▸ What is needed
Write the listing below out again exactly, though only as far as the line with "unfolding c_def using", which is included.

[Data under study]

lemma gcomm_A_left:
  assumes "g \<in> carrier (BSG k)" "t \<in> Zk k"
  shows "gcomm (BSG k) (t, 0) g = (t * (of_int k powi snd g - 1), 0)"
proof -
  have A: "(t, 0) \<in> carrier (BSG k)" "(- t, 0) \<in> carrier (BSG k)"
    using assms(2) by (simp_all add: BSG_carrier Zk_uminus)
  have "gcomm (BSG k) (t, 0) g
      = (- t, 0) \<otimes>\<^bsub>BSG k\<^esub> (inv\<^bsub>BSG k\<^esub> g \<otimes>\<^bsub>BSG k\<^esub> (t, 0) \<otimes>\<^bsub>BSG k\<^esub> g)"
    unfolding gcomm_def using A assms(1) by (simp add: BSG_inv[of "(t, 0)"] m_assoc)
  then show ?thesis
    unfolding conj_A[OF assms(1)] by (simp add: BSG_mult algebra_simps)
qed

lemma f_alpha_iff:
  assumes "x \<in> carrier (BSG k)"
  shows "f_alpha (BSG k) x \<longleftrightarrow> snd x = 0"
proof
  assume "f_alpha (BSG k) x"
  have one: "(1, 0) \<in> carrier (BSG k)"
    by (simp add: BSG_carrier)
  define c where "c = inv\<^bsub>BSG k\<^esub> (1, 0) \<otimes>\<^bsub>BSG k\<^esub> x \<otimes>\<^bsub>BSG k\<^esub> (1, 0)"
  have "gcomm (BSG k) c x = \<one>\<^bsub>BSG k\<^esub>"
    using \<open>f_alpha (BSG k) x\<close> one unfolding f_alpha_def c_def by blast
  then have "c \<otimes>\<^bsub>BSG k\<^esub> x = x \<otimes>\<^bsub>BSG k\<^esub> c"
    using gcomm_eq_one_iff assms one unfolding c_def by simp
  moreover have "c = (fst x - 1 + of_int k powi (- snd x), snd x)"
    unfolding c_def using one by (simp add: BSG_inv BSG_mult)
  ultimately have "(of_int k powi (- snd x) - 1) * (of_int k powi (- snd x) - 1) = (0::rat)"
    by (simp add: BSG_mult algebra_simps)
  then have "of_int k powi (- snd x) = (of_int k powi 0 :: rat)"
    by simp
  then show "snd x = 0"
    using power_int_inject_exp[OF one_less_k, of "- snd x" 0] by simp
next
  assume "snd x = 0"
  then obtain X where x: "x = (X, 0)"
    by (cases x) simp
  show "f_alpha (BSG k) x"
    unfolding f_alpha_def
  proof
    fix y assume y: "y \<in> carrier (BSG k)"
    have "inv\<^bsub>BSG k\<^esub> y \<otimes>\<^bsub>BSG k\<^esub> x \<otimes>\<^bsub>BSG k\<^esub> y \<otimes>\<^bsub>BSG k\<^esub> x
        = x \<otimes>\<^bsub>BSG k\<^esub> (inv\<^bsub>BSG k\<^esub> y \<otimes>\<^bsub>BSG k\<^esub> x \<otimes>\<^bsub>BSG k\<^esub> y)"
      unfolding x conj_A[OF y] by (simp add: BSG_mult)
    then show "gcomm (BSG k) (inv\<^bsub>BSG k\<^esub> y \<otimes>\<^bsub>BSG k\<^esub> x \<otimes>\<^bsub>BSG k\<^esub> y) x = \<one>\<^bsub>BSG k\<^esub>"
      using gcomm_eq_one_iff assms y by simp
  qed
qed

lemma f_beta_iff:
  assumes "y \<in> carrier (BSG k)"
  shows "f_beta (BSG k) k y \<longleftrightarrow> snd y = 1"
proof
  assume "f_beta (BSG k) k y"
  moreover have "(1, 0) \<in> carrier (BSG k)" "f_alpha (BSG k) (1, 0)"
    using f_alpha_iff by (simp_all add: BSG_carrier)
  ultimately have "inv\<^bsub>BSG k\<^esub> y \<otimes>\<^bsub>BSG k\<^esub> (1, 0) \<otimes>\<^bsub>BSG k\<^esub> y = (1, 0) [^]\<^bsub>BSG k\<^esub> k"
    unfolding f_beta_def by blast
  then have "of_int k powi snd y = (of_int k powi 1 :: rat)"
    unfolding conj_A[OF assms] A_int_pow[OF Zk_1] by simp
  then show "snd y = 1"
    using power_int_inject_exp[OF one_less_k] by blast
next
  assume "snd y = 1"
  show "f_beta (BSG k) k y"
    unfolding f_beta_def
  proof (intro ballI impI)
    fix x assume "x \<in> carrier (BSG k)" "f_alpha (BSG k) x"
    then obtain X where x: "x = (X, 0)" and "X \<in> Zk k"
      using f_alpha_iff by (cases x) (simp add: BSG_carrier)
    then show "inv\<^bsub>BSG k\<^esub> y \<otimes>\<^bsub>BSG k\<^esub> x \<otimes>\<^bsub>BSG k\<^esub> y = x [^]\<^bsub>BSG k\<^esub> k"
      unfolding x conj_A[OF assms] A_int_pow[OF \<open>X \<in> Zk k\<close>] using \<open>snd y = 1\<close> by simp
  qed
qed

lemma gcomm_int_pow_self:
  assumes "b \<in> carrier (BSG k)"
  shows "gcomm (BSG k) (b [^]\<^bsub>BSG k\<^esub> (n::int)) b = \<one>\<^bsub>BSG k\<^esub>"
  using assms int_pow_mult[OF assms, of n 1] int_pow_mult[OF assms, of 1 n]
  by (simp add: gcomm_eq_one_iff add.commute)

lemma commute_Ab_iff:
  assumes "snd b = 1"
  shows "g \<otimes>\<^bsub>BSG k\<^esub> b = b \<otimes>\<^bsub>BSG k\<^esub> g
    \<longleftrightarrow> fst g * (1 - of_int k powi -1) = fst b * (1 - of_int k powi (- snd g))"
  using assms by (auto simp: BSG_mult prod_eq_iff algebra_simps)

lemma commute_Ab_imp_eq_int_pow:
  assumes b: "b \<in> carrier (BSG k)" "snd b = 1"
    and g: "g \<in> carrier (BSG k)" "gcomm (BSG k) g b = \<one>\<^bsub>BSG k\<^esub>"
  shows "g = b [^]\<^bsub>BSG k\<^esub> snd g"
proof -
  let ?p = "b [^]\<^bsub>BSG k\<^esub> snd g"
  have "snd ?p = snd g"
    using snd_int_pow b by simp
  moreover have "?p \<otimes>\<^bsub>BSG k\<^esub> b = b \<otimes>\<^bsub>BSG k\<^esub> ?p" "g \<otimes>\<^bsub>BSG k\<^esub> b = b \<otimes>\<^bsub>BSG k\<^esub> g"
    using gcomm_int_pow_self gcomm_eq_one_iff b g by simp_all
  moreover have "of_int k powi -1 \<noteq> (1::rat)"
    using power_int_inject_exp[OF one_less_k, of "-1" 0] by simp
  ultimately have "fst g * (1 - of_int k powi -1) = fst ?p * (1 - of_int k powi -1)"
    unfolding commute_Ab_iff[OF b(2)] by simp
  then have "fst g = fst ?p"
    using \<open>of_int k powi -1 \<noteq> (1::rat)\<close> by simp
  with \<open>snd ?p = snd g\<close> show ?thesis
    by (simp add: prod_eq_iff)
qed

lemma AbI:
  assumes "b \<in> carrier (BSG k)" "snd b = 1"
  shows "b \<in> Ab k"
proof -
  have "b = aelt (fst b) \<otimes>\<^bsub>BSG k\<^esub> belt"
    using assms(2) by (simp add: aelt_def belt_def BSG_mult prod_eq_iff)
  then show ?thesis
    using assms(1) unfolding Ab_def BSG_carrier by blast
qed

lemma commutator_equation_iff:
  assumes v: "v \<in> carrier (BSG k)" and w: "w \<in> carrier (BSG k)" "snd w = n * snd v"
    and X: "X \<in> Zk k" and Y: "Y \<in> Zk k" and U: "U \<in> Zk k"
    and q: "q = of_int k powi snd v" and Q: "q powi n = 1 + (q - 1) * (of_int n + (q - 1) * Q)"
  shows "gcomm (BSG k) v (Y, 0) = gcomm (BSG k) w (X, 0) \<otimes>\<^bsub>BSG k\<^esub> gcomm (BSG k) v (gcomm (BSG k) (U, 0) v)
    \<longleftrightarrow> (q - 1) * (Y - of_int n * X) = (q - 1)\<^sup>2 * (X * Q + U)"
proof -
  have "of_int k powi snd w = q powi n"
    unfolding q w(2) by (metis mult.commute power_int_mult)
  have "U * (q - 1) \<in> Zk k"
    using Zk_mult[OF U Zk_diff] two_le_k q by simp
  have "gcomm (BSG k) w (X, 0) = (X * (1 - q powi n), 0)"
    using gcomm_A_right[OF w(1) X] \<open>of_int k powi snd w = q powi n\<close> by simp
  moreover have "gcomm (BSG k) v (gcomm (BSG k) (U, 0) v) = (U * (q - 1) * (1 - q), 0)"
    using gcomm_A_left[OF v U] gcomm_A_right[OF v \<open>U * (q - 1) \<in> Zk k\<close>] q by simp
  moreover have "gcomm (BSG k) v (Y, 0) = (Y * (1 - q), 0)"
    using gcomm_A_right[OF v Y] q by simp
  ultimately have "gcomm (BSG k) v (Y, 0) = gcomm (BSG k) w (X, 0) \<otimes>\<^bsub>BSG k\<^esub> gcomm (BSG k) v (gcomm (BSG k) (U, 0) v)
      \<longleftrightarrow> Y * (1 - q) - (X * (1 - q powi n) + U * (q - 1) * (1 - q)) = 0"
    by (simp add: BSG_mult)
  also have "Y * (1 - q) - (X * (1 - q powi n) + U * (q - 1) * (1 - q))
      = (q - 1)\<^sup>2 * (X * Q + U) - (q - 1) * (Y - of_int n * X)"
    unfolding Q by (simp add: algebra_simps power2_eq_square)
  finally show ?thesis
    by auto
qed

lemma tau_clause_iff:
  assumes v: "v \<in> carrier (BSG k)" and w: "w \<in> carrier (BSG k)" "snd w = n * snd v"
    and X: "X \<in> Zk k" and Y: "Y \<in> Zk k"
  defines "q \<equiv> of_int k powi snd v"
  shows "(\<exists>u \<in> carrier (BSG k). f_alpha (BSG k) u \<and>
            gcomm (BSG k) v (Y, 0) = gcomm (BSG k) w (X, 0) \<otimes>\<^bsub>BSG k\<^esub> gcomm (BSG k) v (gcomm (BSG k) u v))
    \<longleftrightarrow> (\<exists>U \<in> Zk k. (q - 1) * (Y - of_int n * X) = (q - 1)\<^sup>2 * U)"
proof -
  have "q \<in> Zk k" "q \<noteq> 0" "inverse q \<in> Zk k"
    using one_less_k Zk_power_int[of k "- snd v"] by (simp_all add: q_def power_int_minus)
  then obtain Q where "Q \<in> Zk k" and Q: "q powi n = 1 + (q - 1) * (of_int n + (q - 1) * Q)"
    using Zk_unit_power_int_expansion[of k q n] two_le_k by auto
  note equation_iff = commutator_equation_iff[OF v w X Y _ meta_eq_to_obj_eq[OF q_def] Q]
  show ?thesis
  proof
    assume "\<exists>u \<in> carrier (BSG k). f_alpha (BSG k) u \<and>
      gcomm (BSG k) v (Y, 0) = gcomm (BSG k) w (X, 0) \<otimes>\<^bsub>BSG k\<^esub> gcomm (BSG k) v (gcomm (BSG k) u v)"
    then obtain U where "U \<in> Zk k"
      and "gcomm (BSG k) v (Y, 0) = gcomm (BSG k) w (X, 0) \<otimes>\<^bsub>BSG k\<^esub> gcomm (BSG k) v (gcomm (BSG k) (U, 0) v)"
      by (metis BSG_carrier f_alpha_iff prod.collapse)
    moreover have "X * Q + U \<in> Zk k"
      using Zk_add Zk_mult X \<open>Q \<in> Zk k\<close> \<open>U \<in> Zk k\<close> two_le_k by simp
    ultimately show "\<exists>U \<in> Zk k. (q - 1) * (Y - of_int n * X) = (q - 1)\<^sup>2 * U"
      using equation_iff by blast
  next
    assume "\<exists>U \<in> Zk k. (q - 1) * (Y - of_int n * X) = (q - 1)\<^sup>2 * U"
    then obtain U where "U \<in> Zk k" "(q - 1) * (Y - of_int n * X) = (q - 1)\<^sup>2 * U"
      by blast
    moreover have "U - X * Q \<in> Zk k"
      using Zk_diff Zk_mult X \<open>Q \<in> Zk k\<close> \<open>U \<in> Zk k\<close> two_le_k by simp
    ultimately show "\<exists>u \<in> carrier (BSG k). f_alpha (BSG k) u \<and>
      gcomm (BSG k) v (Y, 0) = gcomm (BSG k) w (X, 0) \<otimes>\<^bsub>BSG k\<^esub> gcomm (BSG k) v (gcomm (BSG k) u v)"
      using equation_iff[of "U - X * Q"] f_alpha_iff[of "(U - X * Q, 0)"]
      by (intro bexI[of _ "(U - X * Q, 0)"]) (simp_all add: BSG_carrier)
  qed
qed

lemma f_tauD:
  assumes gamma: "\<And>n l m :: int. \<gamma> (b [^]\<^bsub>BSG k\<^esub> n) (b [^]\<^bsub>BSG k\<^esub> l) (b [^]\<^bsub>BSG k\<^esub> m) b \<longleftrightarrow> n * l = m"
    and b: "b \<in> carrier (BSG k)"
    and x: "x \<in> carrier (BSG k)" and Y: "Y \<in> Zk k"
    and tau: "f_tau (BSG k) k \<gamma> x (Y, 0) (b [^]\<^bsub>BSG k\<^esub> n) b"
  shows "snd x = 0 \<and> Y = of_int n * fst x"
proof -
  have "snd x = 0"
    using tau f_alpha_iff x unfolding f_tau_def by blast
  then obtain X where x_eq: "x = (X, 0)" and X: "X \<in> Zk k"
    using x by (cases x) (simp add: BSG_carrier)
  have "\<exists>U \<in> Zk k. Y - of_int n * X = (of_int k ^ l - 1) * U" if "1 \<le> l" for l :: nat
  proof -
    define v where "v = b [^]\<^bsub>BSG k\<^esub> int l"
    define w where "w = b [^]\<^bsub>BSG k\<^esub> (n * int l)"
    have v: "v \<in> carrier (BSG k)" "snd v = int l" and w: "w \<in> carrier (BSG k)" "snd w = n * snd v"
      using b snd_int_pow tau unfolding f_tau_def f_beta_iff[OF b] by (simp_all add: v_def w_def)
    have "gcomm (BSG k) v b = \<one>\<^bsub>BSG k\<^esub>" "gcomm (BSG k) w b = \<one>\<^bsub>BSG k\<^esub>"
        "\<gamma> (b [^]\<^bsub>BSG k\<^esub> n) v w b"
      using gcomm_int_pow_self b gamma by (simp_all add: v_def w_def)
    with tau v w obtain U where "U \<in> Zk k"
      and "(of_int k ^ l - 1) * (Y - of_int n * X) = (of_int k ^ l - 1)\<^sup>2 * U"
      using tau_clause_iff[OF v(1) w X Y] unfolding f_tau_def x_eq by auto
    moreover have "of_int k ^ l \<noteq> (1::rat)"
      using one_less_power[OF one_less_k, of l] \<open>1 \<le> l\<close> by simp
    ultimately show ?thesis
      by (auto simp: power2_eq_square)
  qed
  moreover have "Y - of_int n * X \<in> Zk k"
    using Zk_diff Zk_mult X Y two_le_k by simp
  ultimately have "Y - of_int n * X = 0"
    using Zk_eq_0_if_divisible_by_all_pow_minus_1 two_le_k by blast
  with \<open>snd x = 0\<close> show ?thesis
    using x_eq by simp
qed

[/Data under study]

▸ The completed task
lemma gcomm_A_left:
  assumes "g \<in> carrier (BSG k)" "t \<in> Zk k"
  shows "gcomm (BSG k) (t, 0) g = (t * (of_int k powi snd g - 1), 0)"
proof -
  have A: "(t, 0) \<in> carrier (BSG k)" "(- t, 0) \<in> carrier (BSG k)"
    using assms(2) by (simp_all add: BSG_carrier Zk_uminus)
  have "gcomm (BSG k) (t, 0) g
      = (- t, 0) \<otimes>\<^bsub>BSG k\<^esub> (inv\<^bsub>BSG k\<^esub> g \<otimes>\<^bsub>BSG k\<^esub> (t, 0) \<otimes>\<^bsub>BSG k\<^esub> g)"
    unfolding gcomm_def using A assms(1) by (simp add: BSG_inv[of "(t, 0)"] m_assoc)
  then show ?thesis
    unfolding conj_A[OF assms(1)] by (simp add: BSG_mult algebra_simps)
qed

lemma f_alpha_iff:
  assumes "x \<in> carrier (BSG k)"
  shows "f_alpha (BSG k) x \<longleftrightarrow> snd x = 0"
proof
  assume "f_alpha (BSG k) x"
  have one: "(1, 0) \<in> carrier (BSG k)"
    by (simp add: BSG_carrier)
  define c where "c = inv\<^bsub>BSG k\<^esub> (1, 0) \<otimes>\<^bsub>BSG k\<^esub> x \<otimes>\<^bsub>BSG k\<^esub> (1, 0)"
  have "gcomm (BSG k) c x = \<one>\<^bsub>BSG k\<^esub>"
    using \<open>f_alpha (BSG k) x\<close> one unfolding f_alpha_def c_def by blast
  then have "c \<otimes>\<^bsub>BSG k\<^esub> x = x \<otimes>\<^bsub>BSG k\<^esub> c"
    using gcomm_eq_one_iff assms one unfolding c_def by simp
  moreover have "c = (fst x - 1 + of_int k powi (- snd x), snd x)"
    unfolding c_def using one by (simp add: BSG_inv BSG_mult)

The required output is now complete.